J'ai découvert la réalité virtuelle
de façon inhabituelle,
dans les années 70.
Je suis tombé très jeune dans ce domaine,
à l'âge de 7 ans.
Et l'objet qui m'y a conduit
était la moto du cascadeur Evel Knievel.
Voici une publicité pour ce jouet.
(Vidéo) Voix off: Quel saut !
Evel conduit la moto extraordinaire.
La manivelle le lance à plus de 30 m
dans les airs.
Chris : C'était mon bonheur à l'époque.
J'emmenais cette moto partout.
On a sauté par dessus Snake River
Canyon ensemble.
Je voulais la fusée,
mais j'ai eu seulement la moto.
J'étais tellement immergé dans ce monde.
Quand j'étais petit je voulais devenir
cascadeur, pas écrivain.
Evel Knievel était mon ami.
J'avais tellement d'empathie pour lui.
Mais ça n'a pas marché entre nous. (Rires)
J'ai fait les Beaux-Arts.
J'ai commencé à faire des clips musicaux.

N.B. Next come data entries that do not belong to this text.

text \<open>For \<open>x\<close> in \<open>(-1, 1)\<close> the \<open>u\<close>-integral only sees the polynomial part of
  \<open>J\<^sub>s\<^sub>2(u) / (u - 1)^m\<close>, where \<open>m = n\<^sub>2 - n\<^sub>1\<close>: by Cauchy's formula it is \<open>-2\<pi>i\<close> times
  the \<open>m\<close>-fold synthetic division of \<open>J\<^sub>s\<^sub>2\<close> by \<open>u - 1\<close>, evaluated at \<open>x\<close>.
  Synthetic division by \<open>u - 1\<close> sends \<open>cos s\<theta>\<close> to \<open>\<Sum>\<^sub>k \<phi>(s,k) J\<^sup>(\<^sup>1\<^sup>/\<^sup>2\<^sup>)\<^sub>k\<close>
  (a telescoping sum of Dirichlet kernels), while \<open>J\<^sup>(\<^sup>1\<^sup>/\<^sup>2\<^sup>)\<^sub>s = \<Sum>\<^sub>k T(s,k) cos k\<theta>\<close>;
  so the \<open>m\<close>-fold quotient is row \<open>s\<^sub>2\<close> of the matching matrix product, expanded in the
  family \<open>J\<^sup>(\<^sup>a\<^sup>1\<^sup>)\<close>. Orthogonality of that family for the weight
  \<open>(1-x)^a\<^sub>1 (1+x)^(-1/2)\<close>, with squared norms \<open>\<pi>/W\<close>, then extracts the entry \<open>(s\<^sub>2, s\<^sub>1)\<close>.\<close>

section \<open>Lower triangular matrices acting on polynomial families\<close>

definition lower_triangular :: "(nat \<Rightarrow> nat \<Rightarrow> real) \<Rightarrow> bool" where
  "lower_triangular M \<longleftrightarrow> (\<forall>x z. x < z \<longrightarrow> M x z = 0)"

lemma mconv_lower_triangular:
  assumes "lower_triangular f"
  shows "mconv f g x y = (\<Sum>z\<le>x. f x z * g z y)"
proof -
  have "mconv f g x y = (\<Sum>\<^sub>\<infinity>z\<in>{..x}. f x z * g z y)"
    unfolding mconv_def
    by (rule infsum_cong_neutral) (use assms in \<open>auto simp: lower_triangular_def\<close>)
  then show ?thesis by simp
qed
lemma perm_stack_full_rank_poly_fun:
  assumes "r < m"
  shows "\<exists>f\<in>poly_fun m n. (\<exists>X\<in>low_rank_var m n r. f X \<noteq> 0) \<and>
    (\<forall>X\<in>carrier_mat m n. f X \<noteq> 0 \<longrightarrow>
       (\<forall>c\<in>perm_stack_configs m n r. vec_space.rank m (perm_stack_mat m r c X) = Suc r))"
proof -
  define V where "V = low_rank_var m n r"
  define C where "C = perm_stack_configs m n r"
  have finC: "finite C" unfolding C_def by (rule finite_perm_stack_configs)
  have "\<forall>c\<in>C. \<exists>Wc. Wc \<in> carrier_mat (Suc r) m \<and>
    (\<exists>X\<in>V. det (Wc * perm_stack_mat m r c X) \<noteq> 0)"
    using perm_stack_det_not_identically_zero[OF _ assms] unfolding C_def V_def by blast
  then obtain W where W: "\<And>c. c \<in> C \<Longrightarrow> W c \<in> carrier_mat (Suc r) m"
    and W_nz: "\<And>c. c \<in> C \<Longrightarrow> \<exists>X\<in>V. det (W c * perm_stack_mat m r c X) \<noteq> 0"
    by metis
  have g: "(\<lambda>X. det (W c * perm_stack_mat m r c X)) \<in> poly_fun m n" if "c \<in> C" for c
    using poly_fun_det_perm_stack_mat that W[OF that] unfolding C_def by blast
  define f where "f X = (\<Prod>c\<in>C. det (W c * perm_stack_mat m r c X))" for X
  have f: "f \<in> poly_fun m n" unfolding f_def by (rule poly_fun_prod[OF finC g])
  have "0\<^sub>m m r * 0\<^sub>m r n \<in> V"
    unfolding V_def low_rank_var_eq_products
    using zero_carrier_mat[of m r] zero_carrier_mat[of r n] by blast
  then have nz: "\<exists>X\<in>V. f X \<noteq> 0"
    using zariski_irreducible_prod_nonvanishing[where g = "\<lambda>c X. det (W c * perm_stack_mat m r c X)",
        OF zariski_irreducible_low_rank_var[of m n r, folded V_def] finC g W_nz]
    unfolding f_def by blast
  have rank: "vec_space.rank m (perm_stack_mat m r c X) = Suc r" if "f X \<noteq> 0" "c \<in> C" for c X
  proof -
    have "det (W c * perm_stack_mat m r c X) \<noteq> 0"
      using that prod_zero_iff[OF finC] unfolding f_def by blast
    then show ?thesis by (rule rank_eq_if_det_mult_nonzero[OF perm_stack_mat_carrier W[OF that(2)]])
  qed
  show ?thesis
    using f nz rank unfolding V_def C_def by (intro bexI[of _ f] conjI ballI impI) auto
qed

Voici un de mes tout premiers.
(Musique : « Touch the Sky »
de Kanye West)
Chris : On peut y voir
de légères similitudes.
(Rires)
Et j'ai enfin eu cette fusée.
(Rires)
Me voilà réalisateur, du moins débutant,
Et j'ai commencé à utiliser les outils
à la disposition d'un réalisateur
pour essayer de raconter des histoires
le plus captivantes possible.
Un film est un moyen exceptionnel de
communiquer de l'empathie
à des gens très différents de nous
et à des univers complètements étrangers.
Malheureusement,
cette empathie n'était pas réciproque
pour Evel Knievel
Et il a porté plainte pour ce clip.
(Rires)
peu de temps après.
Du bon côté, cet homme que j'adorais
étant petit,
cet homme que je voulais devenir
en grandissant,
j'ai enfin réussi à avoir son autographe.
(Applaudissements)
Parlons films maintenant.
Un film est un moyen de communication
exceptionnel
mais au fond, ça n'a pas changé
avec le temps.
C'est un ensemble de rectangles joués
l'un après l'autre.
On a fait des choses incroyables
avec ces rectangles.
Et j'ai commencé à réfléchir à une façon
d'utiliser les technologies modernes
et émergentes
pour raconter des histoires différemment,
des histoires d'un genre nouveau
qu'il me serait impossible de raconter
avec les outils traditionnels du cinéma
utilisés depuis un siècle.
Alors j'ai expérimenté,
j'ai essayé de construire
la machine à empathie.
Voici l'un des premiers essais.
(Musique)
Ca s'appelle « The Wilderness Dowtown »
(La Ville Sauvage),
en collaboration avec Arcade Fire.
Au début, il faut juste indiquer l'adresse
où vous avez grandi.
C'est un site internet.
A partir de là, des cadres s'ouvrent
dans différentes fenêtres.
On voit cet adolescent courir dans la rue,
puis des images issues de Google Maps et
Google Street View,
vous réalisez alors que
c'est dans votre rue qu'il court.
Finalement, quand il s'arrête, c'est en
face de votre maison.
C'était génial, j'ai vu des gens avoir
des réactions émotionelles
encore plus fortes qu'avec les rectangles
que j'avais créés.
Au fond je raconte une partie
de votre passé
à travers le cadre d'une histoire.
Puis j'ai commencé à me dire que
c'est juste une partie de votre identité,
comment vous impliquer entièrement
dans ce cadre ?
Alors j'ai commencé à construire
des installations artistiques.
Celle-ci s'appelle
« la Trahison du Sanctuaire ».
C'est un triptyque, je vais vous montrer
le troisième panneau.
(Musique)
Maintenant vous êtes vraiment
au centre du cadre,
et j'ai vu des gens ressentir des émotions
très viscérales,
encore plus qu'avec le film précédent.
Puis j'ai réfléchi à ces cadres et
ce qu'ils représentent.
Un cadre est simplement une fenêtre.
Tous les supports visuels,
télévision, cinéma,
sont en fait des fenêtres
sur d'autres mondes.
En réfléchissant, vous voilà
au centre du cadre.
Mais je ne veux pas vous voir
dans le cadre ou la fenêtre,
je veux vous voir à travers cette fenêtre,
de l'autre côté,
faisant partie du monde.
Et cela m'a ramené à la réalité virtuelle.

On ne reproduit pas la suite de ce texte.